An exhibition at the Leopold showcasing some 90 works from the highly eminent art collection of Emil Bührle, showcasing work from French Impressionists and avant-garde artists.
The Zurich based industrialist made his success as the proprietor of a machine tool factory in Switzerland, before moving most of his entrepreneurial activities to the US. Through his life he acquired his own personal collection. First experiencing French Impressionists at the National Gallery of Berlin, before he became further interested and anchored by Impressionists with works by select Old Masters in the European tradition like Manet, Degas, Renoir, Monet, van Gogh and Cézanne.
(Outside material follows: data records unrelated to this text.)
(* Let $G=C_2^r$ with $r\ge 3$. Then $\{2,r-1,r\}\in\mathcal L(G)$ if and only if $r\in[3,5]$.
   Context: $C_2^r$ denotes an elementary abelian $2$-group of rank $r$; $[a,b]=\{x\in\mathbb Z:a\le x\le b\}$. For a finite abelian group $G$, a sequence over $G$ is an element of the free abelian monoid $\mathcal F(G)$ with basis $G$ (a finite unordered list of elements of $G$, repetitions allowed). $\mathcal B(G)$ is the monoid of zero-sum sequences over $G$ (including the empty sequence). An atom is a minimal zero-sum sequence, i.e. a nonempty zero-sum sequence that is not a product of two nonempty zero-sum sequences. For $B\in\mathcal B(G)$, $\mathsf L(B)=\{k\in\mathbb N_0: B \text{ is a product of } k \text{ atoms}\}$, and $\mathcal L(G)=\{\mathsf L(B):B\in\mathcal B(G)\}$. *)

theory Defs
  imports Main "HOL-Library.Multiset"
begin

text \<open>Model of the elementary abelian 2-group C_2^r: elements are subsets of {..<r}
  (characteristic vectors in F_2^r), addition is symmetric difference, zero is the empty set.\<close>

definition elem2 :: "nat \<Rightarrow> nat set \<Rightarrow> bool" where
  "elem2 r g \<longleftrightarrow> g \<subseteq> {..<r}"

definition seq_over :: "nat \<Rightarrow> nat set multiset \<Rightarrow> bool" where
  "seq_over r S \<longleftrightarrow> (\<forall>g\<in>#S. elem2 r g)"

definition seq_sum :: "nat set multiset \<Rightarrow> nat set" where
  "seq_sum S = {i. odd (size (filter_mset (\<lambda>g. i \<in> g) S))}"

definition zero_sum_seq :: "nat \<Rightarrow> nat set multiset \<Rightarrow> bool" where
  "zero_sum_seq r S \<longleftrightarrow> seq_over r S \<and> seq_sum S = {}"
The collection further features works by artists from the Paris avant-garde around 1900, including Vlaminck, Braque and Picasso, allowing for these post-Impressionist paintings to be experienced as the beginning of Classical Modernism.
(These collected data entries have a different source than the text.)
lemma fresnel_integral:
  "((\<lambda>s. exp (- (2 * \<i> * (of_real s)\<^sup>2))) has_integral of_real (sqrt (pi / 2)) * exp (- \<i> * of_real (pi / 4))) UNIV"
proof -
  have "((\<lambda>s. exp (- (2 * \<i> * (of_real s)\<^sup>2))) has_integral 2 *\<^sub>R (of_real (sqrt pi / 2) / (1 + \<i>))) UNIV"
    by (rule has_integral_UNIV_even_real[OF _ _ fresnel_integral_half_line_limit]) (auto intro!: continuous_intros)
  moreover have "2 *\<^sub>R (of_real (sqrt pi / 2) / (1 + \<i>)) = of_real (sqrt (pi / 2)) * exp (- \<i> * of_real (pi / 4))"
  proof -
    have "exp (- \<i> * of_real (pi / 4)) = cis (- (pi / 4))"
      by (simp add: cis_conv_exp)
    also have "\<dots> = of_real (sqrt 2 / 2) * (1 - \<i>)"
      by (simp add: cis.code cos_45 sin_45 complex_eq_iff)
    finally have "exp (- \<i> * of_real (pi / 4)) = of_real (sqrt 2 / 2) * (1 - \<i>)" .
    moreover have "2 *\<^sub>R (of_real (sqrt pi / 2) / (1 + \<i>)) = of_real (sqrt pi / 2) * (1 - \<i>)"
      by (simp add: scaleR_conv_of_real field_simps complex_eq_iff Re_divide Im_divide)
    moreover have "sqrt (pi / 2) * (sqrt 2 / 2) = sqrt pi / 2"
      by (simp add: real_sqrt_divide)
    ultimately show ?thesis
      by (metis mult.assoc of_real_mult)
  qed
  ultimately show ?thesis
    by simp
qed

definition chirp_integral :: "real \<Rightarrow> real \<Rightarrow> complex" where
  "chirp_integral c y =
     of_real (sqrt (pi / \<bar>c\<bar>)) * exp (- \<i> * of_real (pi * sgn c / 4)) * exp (\<i> * of_real (y\<^sup>2 / (4 * c)))"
Bührle thus created his own personal history of art in his collection, collecting in Europe and then from International institutions as he was in the US. The Rosenberg, Wildenstein and Marlborough Fine Art in New York, Paris and London, sold works to him, allowing his collection to become a consistently coherent ensemble.
Following Bührle’s death, his family established a foundation in 1960, which made around a third of the collection accessible to the public in Zurich. In late 2021, this part of the collection will be transferred to the Kunsthaus Zürich, where it will be given a new home in an annex to the existing museum building.
The exhibition at the Leopold Museum showcases some 90 works from the Emil Bührle Collection, including masterpieces like Boy in a Red Vest by Paul Cézanne, Sower at Sunset by Vincent van Gogh as well as a water lily mural by Claude Monet. Bührle was only the second collector in the world to acquire more than one work of Monet’s water lily series in 1952.